I just wanted to update my readers on a few things.  If it has seemed like I have not posted anything in a long time, I apologize.  I’ve been busy with finals for school, packing, going home and starting my summer internship which have prevented me from writing about interesting things.  The good news is that my internship at Applied Information Sciences is going to be a great opportunity for me and for my career.  I hope to bring some general experience that I obtain from the internship into the classroom and on this blog.

Next, I wanted to bring readers’ attention to two of my friends from Penn State who are attending (with other SRA students) the SARMA Conference in Arlington, Virginia.  The second annual event plays host for a terrific speaker series and a huge turnout of security and risk management/analysis companies.  Unfortunately, due to my internship hours, I am not able to attend.  Hopefully later in the summer I will be able to attend some other interesting security conferences hosted in the D.C. area where I live.  Please take a look at both Russ Beck’s and Matt Maisel’s blogs for a summary of interesting speeches and interactions with SARMA members.

Lastly, I would like to get some input on what you like about this blog both content and design.  If there are things you want me to discover and write about or have questions about other topics, please leave a comment in the form below.  I get a great deal of page hits for my two Ubuntu articles, but I would like to drive traffic to other parts and topics of this blog.  Any input and interaction about this blog is definitely appreciated.

It has been a while since I have posted anything mostly due to finals and projects.  I finally got a chance to relax after unpacking and go to a baseball game with my family.  A few years ago, the Montreal Expos moved to Washington D.C. and became the Nationals.  They played up until this season in RFK stadium which is the former home of the Redskins and present home of the D.C. United.  The new baseball arena is built by the Washington Naval Yard, very close to the Marine Barracks where John Phillip Sousa led the Marine Band.  The brand new stadium is beautiful in every aspect.  It is very open and allows for a fantastic view of the field from any seat.  Even from my nosebleed $5.00 seats I was able to enjoy the game immensely.  It was designed by the same person who built the Pirates’ stadium in Pittsburgh.

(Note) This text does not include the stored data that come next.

(* Let $C=(1,c_2,c_3,c_4,c_5,c_6)=(1,c_2,2c_2-1,c_4,c_2+c_4-1,2c_4-1)$ be a system that is canonical and whose subsystem $(1,c_2,c_3,c_4,c_5)$ is noncanonical, and let $\ell=\lceil c_5/c_3\rceil$. Then $c_4\ge 3c_2-1$, $\mathrm{grd}_C(\ell c_3)\le\ell$, and $\mathrm{grd}_C(\ell c_3)=\ell c_3-c_5+1-\lfloor(\ell c_3-c_5)/c_2\rfloor(c_2-1)$.
   Context: A system is a tuple $C=(c_1,\dots,c_n)$ of integers with $1=c_1<c_2<\dots<c_n$; for $k\le n$, $(c_1,\dots,c_k)$ is a subsystem. For a positive integer $v$, $\mathrm{opt}_C(v)$ is the minimum of $\sum_i x_i$ over $x\in\mathbb{Z}_{\ge0}^n$ with $\sum_i c_ix_i=v$. The greedy representation of $v$ is produced by: for $i=n$ down to $1$, while $c_i\le$ remaining value, take a coin $c_i$. $\mathrm{grd}_C(v)$ is its number of coins. A positive integer $w$ is a counterexample if $\mathrm{opt}_C(w)<\mathrm{grd}_C(w)$; $C$ is canonical if it has none, noncanonical otherwise. *)

theory Defs
  imports Complex_Main
begin

definition is_system :: "nat list \<Rightarrow> bool" where
  "is_system cs \<longleftrightarrow> cs \<noteq> [] \<and> cs ! 0 = 1 \<and> sorted_wrt (<) cs"

definition reps :: "nat list \<Rightarrow> nat \<Rightarrow> nat list set" where
  "reps cs v = {x. length x = length cs \<and> (\<Sum>i<length cs. cs ! i * x ! i) = v}"

definition opt :: "nat list \<Rightarrow> nat \<Rightarrow> nat" where
  "opt cs v = (LEAST k. \<exists>x \<in> reps cs v. sum_list x = k)"

text \<open>Greedy on a list of coins given in decreasing order: taking coin c while c \<le> remaining
  value amounts to taking (v div c) coins and leaving v mod c.\<close>
fun grd_desc :: "nat list \<Rightarrow> nat \<Rightarrow> nat" where
  "grd_desc [] v = 0"
| "grd_desc (c # cs) v = v div c + grd_desc cs (v mod c)"

definition grd :: "nat list \<Rightarrow> nat \<Rightarrow> nat" where
  "grd cs v = grd_desc (rev cs) v"

definition canonical :: "nat list \<Rightarrow> bool" where
  "canonical cs \<longleftrightarrow> (\<forall>w>0. \<not> opt cs w < grd cs w)"

end

theory Submission
  imports Defs
begin

text \<open>If \<open>c\<^sub>4 < 3c\<^sub>2 - 1\<close>, then either \<open>c\<^sub>4 = 3c\<^sub>2 - 2\<close> and
  \<open>(1, c\<^sub>2, c\<^sub>3, c\<^sub>4, c\<^sub>5)\<close> is the arithmetic progression \<open>1, 1 + d, \<dots>, 1 + 4d\<close>
  with \<open>d = c\<^sub>2 - 1\<close>, which is canonical; or \<open>c\<^sub>4 = 2c\<^sub>2\<close> and \<open>2c\<^sub>3\<close> is a
  counterexample for \<open>C\<close>; or \<open>2c\<^sub>2 < c\<^sub>4 < 3c\<^sub>2 - 2\<close> and \<open>c\<^sub>2 + c\<^sub>3\<close> is one.
  Once \<open>c\<^sub>4 \<ge> 3c\<^sub>2 - 1\<close> we have \<open>c\<^sub>5 + c\<^sub>3 \<le> c\<^sub>6\<close>, so \<open>\<ell>c\<^sub>3 \<in> [c\<^sub>5, c\<^sub>5 + c\<^sub>3)\<close>
  is paid greedily with one \<open>c\<^sub>5\<close> followed by coins \<open>c\<^sub>2\<close> and \<open>1\<close> only, while
  canonicity bounds the greedy count by the \<open>\<ell>\<close> coins \<open>c\<^sub>3\<close>.\<close>

lemma grd_desc_Cons_skip: "v < c \<Longrightarrow> grd_desc (c # cs) v = grd_desc cs v"
  by simp

lemma grd_desc_Cons_once:
  "c \<le> v \<Longrightarrow> v < 2 * c \<Longrightarrow> grd_desc (c # cs) v = Suc (grd_desc cs (v - c))"
  using le_div_geq[of c v] by (simp add: le_mod_geq)

lemma grd_desc_zero [simp]: "grd_desc cs 0 = 0"
  by (induction cs) simp_all

lemma grd_desc_Cons_one: "grd_desc (1 # cs) v = v"
  by simp

lemmas grd_desc_steps = grd_desc_Cons_skip grd_desc_Cons_once grd_desc_Cons_one[unfolded One_nat_def]

lemma opt_le_sum_list: "x \<in> reps cs v \<Longrightarrow> opt cs v \<le> sum_list x"
  unfolding opt_def by (rule Least_le) blast

lemma canonical_grd_le_sum_list:
  assumes "canonical cs" "0 < v" "x \<in> reps cs v"
  shows "grd cs v \<le> sum_list x"
  using assms opt_le_sum_list[OF assms(3)] unfolding canonical_def by (meson le_trans not_less)

lemma not_canonicalI:
  assumes "x \<in> reps cs v" "sum_list x < grd cs v"
  shows "\<not> canonical cs"
proof
  assume "canonical cs"
  moreover have "0 < v"
    using assms(2) by (cases v) (simp_all add: grd_def)
  ultimately show False
    using canonical_grd_le_sum_list assms by (meson not_le)
qed

lemma reps_single_coin:
  assumes "i < length cs"
  shows "(replicate (length cs) 0)[i := n] \<in> reps cs (n * cs ! i)"
  using assms by (simp add: reps_def nth_list_update if_distrib[of "(*) _"] cong: if_cong)

lemma canonical_grd_mult_le:
  assumes "canonical cs" "i < length cs" "0 < n * cs ! i"
  shows "grd cs (n * cs ! i) \<le> n"
  using canonical_grd_le_sum_list[OF assms(1,3) reps_single_coin[OF assms(2)]] assms(2)
  by (simp add: sum_list_update sum_list_replicate)

lemma canonicalI:
  assumes "cs \<noteq> []" "cs ! 0 = 1"
    and grd_le: "\<And>v x. 0 < v \<Longrightarrow> x \<in> reps cs v \<Longrightarrow> grd cs v \<le> sum_list x"
  shows "canonical cs"
  unfolding canonical_def
proof (intro allI impI)
  fix w :: nat assume "0 < w"
  have "\<exists>k. \<exists>x \<in> reps cs w. sum_list x = k"
    using reps_single_coin[of 0 cs w] assms(1,2) by auto
  then have "\<exists>x \<in> reps cs w. sum_list x = opt cs w"
    unfolding opt_def by (rule LeastI_ex)
  then show "\<not> opt cs w < grd cs w" using grd_le[OF \<open>0 < w\<close>] by force
qed

definition arith_prog_system :: "nat \<Rightarrow> nat \<Rightarrow> nat list" where
  "arith_prog_system d k = map (\<lambda>i. 1 + i * d) [0..<Suc k]"

lemma grd_desc_arith_prog_le_step:
  assumes "t \<le> d"
  shows "grd_desc (map (\<lambda>i. 1 + i * d) (rev [0..<Suc k])) t = t"
  using assms by (induction k) (simp_all add: grd_desc_Cons_skip)

lemma grd_desc_arith_prog:
  assumes "0 < r" "r \<le> k * d"
  shows "grd_desc (map (\<lambda>i. 1 + i * d) (rev [0..<k])) r = 1 + (r - 1) mod d"
  using assms
proof (induction k arbitrary: r)
  case 0
  then show ?case by simp
next
  case (Suc k)
  show ?case
  proof (cases "r \<le> k * d")
    case True
    then show ?thesis using Suc by (simp add: grd_desc_Cons_skip)
  next
    case False
    define t where "t = r - 1 - k * d"
    have t: "t < d" "r = 1 + k * d + t" using False Suc.prems unfolding t_def by simp_all
    have "(r - 1) mod d = t"
      using t by (simp add: mod_add_left_eq[symmetric])
    moreover have "grd_desc (map (\<lambda>i. 1 + i * d) (rev [0..<Suc k])) r = 1 + t"
    proof (cases k)
      case 0
      then show ?thesis using t by simp
    next
      case (Suc k')
      have "grd_desc (map (\<lambda>i. 1 + i * d) (rev [0..<Suc k])) r
          = Suc (grd_desc (map (\<lambda>i. 1 + i * d) (rev [0..<Suc k'])) t)"
        using t Suc by (simp add: grd_desc_Cons_once del: grd_desc.simps(2))
      then show ?thesis using t grd_desc_arith_prog_le_step[of t d k'] by simp
    qed
    ultimately show ?thesis by simp
  qed
qed

lemma canonical_arith_prog_system: "canonical (arith_prog_system d k)" (is "canonical ?cs")
proof (rule canonicalI)
  show "?cs \<noteq> []" "?cs ! 0 = 1"
    by (simp_all add: arith_prog_system_def del: upt_Suc)
next
  fix v x assume "0 < v" "x \<in> reps ?cs v"
  then have len: "length x = Suc k" and "(\<Sum>i<Suc k. ?cs ! i * x ! i) = v"
    by (simp_all add: reps_def arith_prog_system_def)
  then have weighted: "(\<Sum>i<Suc k. (1 + i * d) * x ! i) = v"
    by (simp add: arith_prog_system_def nth_map del: upt_Suc)
  define s where "s = sum_list x"
  define K where "K = (\<Sum>i<Suc k. i * x ! i)"
  have s: "s = (\<Sum>i<Suc k. x ! i)"
    unfolding s_def sum_list_sum_nth len by (simp add: atLeast0LessThan)
  have v: "v = s + d * K"
    unfolding s K_def weighted[symmetric] by (simp add: algebra_simps sum.distrib sum_distrib_left)
  have "K \<le> (\<Sum>i<Suc k. k * x ! i)"
    unfolding K_def by (rule sum_mono) simp
  then have "K \<le> k * s" by (simp only: s sum_distrib_left)
  then have v_le: "v \<le> (1 + k * d) * s"
    using v mult_le_mono2[of K "k * s" d] by (simp add: algebra_simps)
  define q where "q = v div (1 + k * d)"
  define r where "r = v mod (1 + k * d)"
  have vq: "v = (1 + k * d) * q + r"
    unfolding q_def r_def by (rule mult_div_mod_eq[symmetric])
  have "r < 1 + k * d"
    unfolding r_def by simp
  have grd: "grd ?cs v = q + grd_desc (map (\<lambda>i. 1 + i * d) (rev [0..<k])) r"
    by (simp add: grd_def arith_prog_system_def rev_map q_def r_def)
  show "grd ?cs v \<le> sum_list x"
  proof (cases "r = 0")
    case True
    then have "(1 + k * d) * q \<le> (1 + k * d) * s" using vq v_le by linarith
    then have "q \<le> s" by (rule mult_le_cancel1[THEN iffD1, THEN mp]) simp
    then show ?thesis using grd True s_def by simp
  next
    case False
    then have "(1 + k * d) * q < (1 + k * d) * s" using vq v_le by linarith
    then have "q < s" by (rule mult_less_cancel1[THEN iffD1, THEN conjunct2])
    define e where "e = s - q"
    \<comment> \<open>Every coin is \<open>1\<close> modulo \<open>d\<close>, so the number of coins is congruent to the value.\<close>
    have "(e - 1) + d * K = (r - 1) + d * (k * q)"
      using v vq \<open>q < s\<close> False unfolding e_def by (simp add: algebra_simps)
    then have "(e - 1) mod d = (r - 1) mod d"
      by (metis mod_mult_self2)
    then have "(r - 1) mod d \<le> e - 1"
      by (metis mod_less_eq_dividend)
    moreover have "r \<le> k * d" using \<open>r < 1 + k * d\<close> by simp
    ultimately show ?thesis
      using grd grd_desc_arith_prog[of r k d] False \<open>q < s\<close> unfolding e_def s_def by simp
  qed
qed

definition six_coin_system :: "nat \<Rightarrow> nat \<Rightarrow> nat list" where
  "six_coin_system c2 c4 = [1, c2, 2 * c2 - 1, c4, c2 + c4 - 1, 2 * c4 - 1]"

lemma reps_six_coin_system:
  "x \<in> reps (six_coin_system c2 c4) v \<longleftrightarrow> length x = 6 \<and>
     x ! 0 + c2 * x ! 1 + (2 * c2 - 1) * x ! 2 + c4 * x ! 3 + (c2 + c4 - 1) * x ! 4
       + (2 * c4 - 1) * x ! 5 = v"
  by (simp add: reps_def six_coin_system_def numeral_eq_Suc add_ac)

lemma not_canonical_six_coin_system_double:
  assumes "3 \<le> c2"
  shows "\<not> canonical (six_coin_system c2 (2 * c2))"
proof (rule not_canonicalI)
  show "[0, 0, 2, 0, 0, 0] \<in> reps (six_coin_system c2 (2 * c2)) (2 * (2 * c2 - 1))"
    by (simp add: reps_six_coin_system)
  have "grd (six_coin_system c2 (2 * c2)) (2 * (2 * c2 - 1)) = c2"
    using assms by (simp add: grd_def six_coin_system_def grd_desc_steps del: grd_desc.simps(2))
  then show "sum_list [0, 0, 2, 0, 0, 0] < grd (six_coin_system c2 (2 * c2)) (2 * (2 * c2 - 1))"
    using assms by simp
qed

lemma not_canonical_six_coin_system_mid:
  assumes "2 * c2 < c4" "c4 + 2 < 3 * c2"
  shows "\<not> canonical (six_coin_system c2 c4)"
proof (rule not_canonicalI)
  show "[0, 1, 1, 0, 0, 0] \<in> reps (six_coin_system c2 c4) (3 * c2 - 1)"
    using assms by (simp add: reps_six_coin_system)
  have "grd (six_coin_system c2 c4) (3 * c2 - 1) = 1 + (3 * c2 - 1 - c4)"
    using assms by (simp add: grd_def six_coin_system_def grd_desc_steps del: grd_desc.simps(2))
  then show "sum_list [0, 1, 1, 0, 0, 0] < grd (six_coin_system c2 c4) (3 * c2 - 1)"
    using assms by simp
qed

lemma grd_six_coin_system:
  assumes "1 < c2" "3 * c2 - 1 \<le> c4" "c2 + c4 - 1 \<le> m" "m < (c2 + c4 - 1) + (2 * c2 - 1)"
  shows "grd (six_coin_system c2 c4) m
    = 1 + (m - (c2 + c4 - 1)) div c2 + (m - (c2 + c4 - 1)) mod c2"
  using assms by (simp add: grd_def six_coin_system_def grd_desc_steps del: grd_desc.simps(2)) simp

lemma c4_ge_if_canonical_six_coin_system:
  assumes "is_system (six_coin_system c2 c4)" "canonical (six_coin_system c2 c4)"
    and "\<not> canonical (take 5 (six_coin_system c2 c4))"
  shows "3 * c2 - 1 \<le> c4"
proof (rule ccontr)
  assume "\<not> ?thesis"
  moreover have "1 < c2" "2 * c2 - 1 < c4"
    using assms(1) by (simp_all add: is_system_def six_coin_system_def)
  ultimately consider "c4 = 3 * c2 - 2" | "c4 = 2 * c2" "3 \<le> c2" | "2 * c2 < c4" "c4 + 2 < 3 * c2"
    by linarith
  then show False
  proof cases
    case 1
    then have "take 5 (six_coin_system c2 c4) = arith_prog_system (c2 - 1) 4"
      using \<open>1 < c2\<close> by (simp add: six_coin_system_def arith_prog_system_def numeral_eq_Suc)
        (intro conjI; linarith)
    then show False
      using assms(3) canonical_arith_prog_system by simp
  next
    case 2
    then show False using assms(2) not_canonical_six_coin_system_double by simp
  next
    case 3
    then show False using assms(2) not_canonical_six_coin_system_mid by simp
  qed
qed

lemma nat_ceiling_divide_bounds:
  fixes a b :: nat
  assumes "0 < b"
  shows "a \<le> nat \<lceil>real a / real b\<rceil> * b" and "nat \<lceil>real a / real b\<rceil> * b < a + b"
proof -
  have q: "real (nat \<lceil>real a / real b\<rceil>) = of_int \<lceil>real a / real b\<rceil>"
    by simp
  have "real a \<le> real (nat \<lceil>real a / real b\<rceil>) * real b"
    using ceiling_divide_upper[of "real b" "real a"] assms q by simp
  then show "a \<le> nat \<lceil>real a / real b\<rceil> * b"
    by (metis of_nat_le_iff of_nat_mult)
  have "(real (nat \<lceil>real a / real b\<rceil>) - 1) * real b < real a"
    using ceiling_divide_lower[of "real b" "real a"] assms q by simp
  then have "real (nat \<lceil>real a / real b\<rceil>) * real b < real a + real b"
    by (simp add: algebra_simps)
  then show "nat \<lceil>real a / real b\<rceil> * b < a + b"
    by (metis of_nat_add of_nat_less_iff of_nat_mult)
qed

theorem lemma9:
  fixes c2 c4 :: nat
  defines "c3 \<equiv> 2 * c2 - 1" and "c5 \<equiv> c2 + c4 - 1" and "c6 \<equiv> 2 * c4 - 1"
  defines "C \<equiv> [1, c2, c3, c4, c5, c6]"
  defines "l \<equiv> nat \<lceil>real c5 / real c3\<rceil>"
  assumes "is_system C"
    and "canonical C"
    and "\<not> canonical (take 5 C)"
  shows "c4 \<ge> 3 * c2 - 1 \<and> grd C (l * c3) \<le> l \<and>
         int (grd C (l * c3)) = int (l * c3) - int c5 + 1
            - \<lfloor>(real (l * c3) - real c5) / real c2\<rfloor> * (int c2 - 1)"
proof -
  have C: "C = six_coin_system c2 c4"
    by (simp add: C_def c3_def c5_def c6_def six_coin_system_def)
  have "1 < c2"
    using assms(6) by (simp add: C is_system_def six_coin_system_def)
  have c4_ge: "3 * c2 - 1 \<le> c4"
    using c4_ge_if_canonical_six_coin_system assms(6-8) C by simp
  have lower: "c5 \<le> l * c3" and upper: "l * c3 < c5 + c3"
    using nat_ceiling_divide_bounds[of c3 c5] \<open>1 < c2\<close> unfolding l_def c3_def by simp_all
  have "0 < l * c3"
    using lower \<open>1 < c2\<close> unfolding c5_def by linarith
  then have grd_le: "grd C (l * c3) \<le> l"
    using canonical_grd_mult_le[OF assms(7), of 2 l] by (simp add: C_def)
  define r where "r = l * c3 - c5"
  have grd: "grd C (l * c3) = 1 + r div c2 + r mod c2"
    using grd_six_coin_system[OF \<open>1 < c2\<close> c4_ge] lower upper
    unfolding C r_def c3_def c5_def by simp
  have "real (l * c3) - real c5 = real r"
    using lower unfolding r_def by (simp only: of_nat_diff)
  then have "\<lfloor>(real (l * c3) - real c5) / real c2\<rfloor> = int (r div c2)"
    by (simp only: floor_divide_of_nat_eq)
  moreover have "int r = int (r div c2) * int c2 + int (r mod c2)"
    by (metis div_mult_mod_eq of_nat_add of_nat_mult)
  ultimately show ?thesis
    using c4_ge grd_le grd lower unfolding r_def by (simp add: of_nat_diff algebra_simps)
qed

end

A quick word on technology (since this blog is centered on that topic).  In the past, my brother explained to me, ushers carried a green sign and a red sign.  This was the indicator to let stadium security know if someone was hurt after catching/getting hit by a foul ball.  In the Nationals’ new stadium, they all carry radio transmitters that do the very same job.  This update to system that has worked in ballparks for years allows stadium safety officials to be far more accurate and get information fast if there is a problem.

The LED scoreboard is the biggest in baseball- measuring an astounding 4,532 square feet.  It is even rumored to be high definition, though I couldn’t tell from so far away.

The new stadium is also LEED certified, which means it meets energy saving standards that rival normal buildings.  I first encountered LEED certified buildings during the Future Forum, and it is nice to see a new, multi-million dollar sporting complex to be a part of this building technology.  Also noticeable from my nosebleed seats (besides major D.C. landmarks like the Capitol Building, Georgetown University and other monuments) were several examples of green roofs that are planted with apparently 1,200 plants that promote better drainage and keep buildings cooler in the warm summers in D.C.

For more information about the new ballpark, click here.

Update: I should also note that the Nationals lost to the Marlins at the game I attended.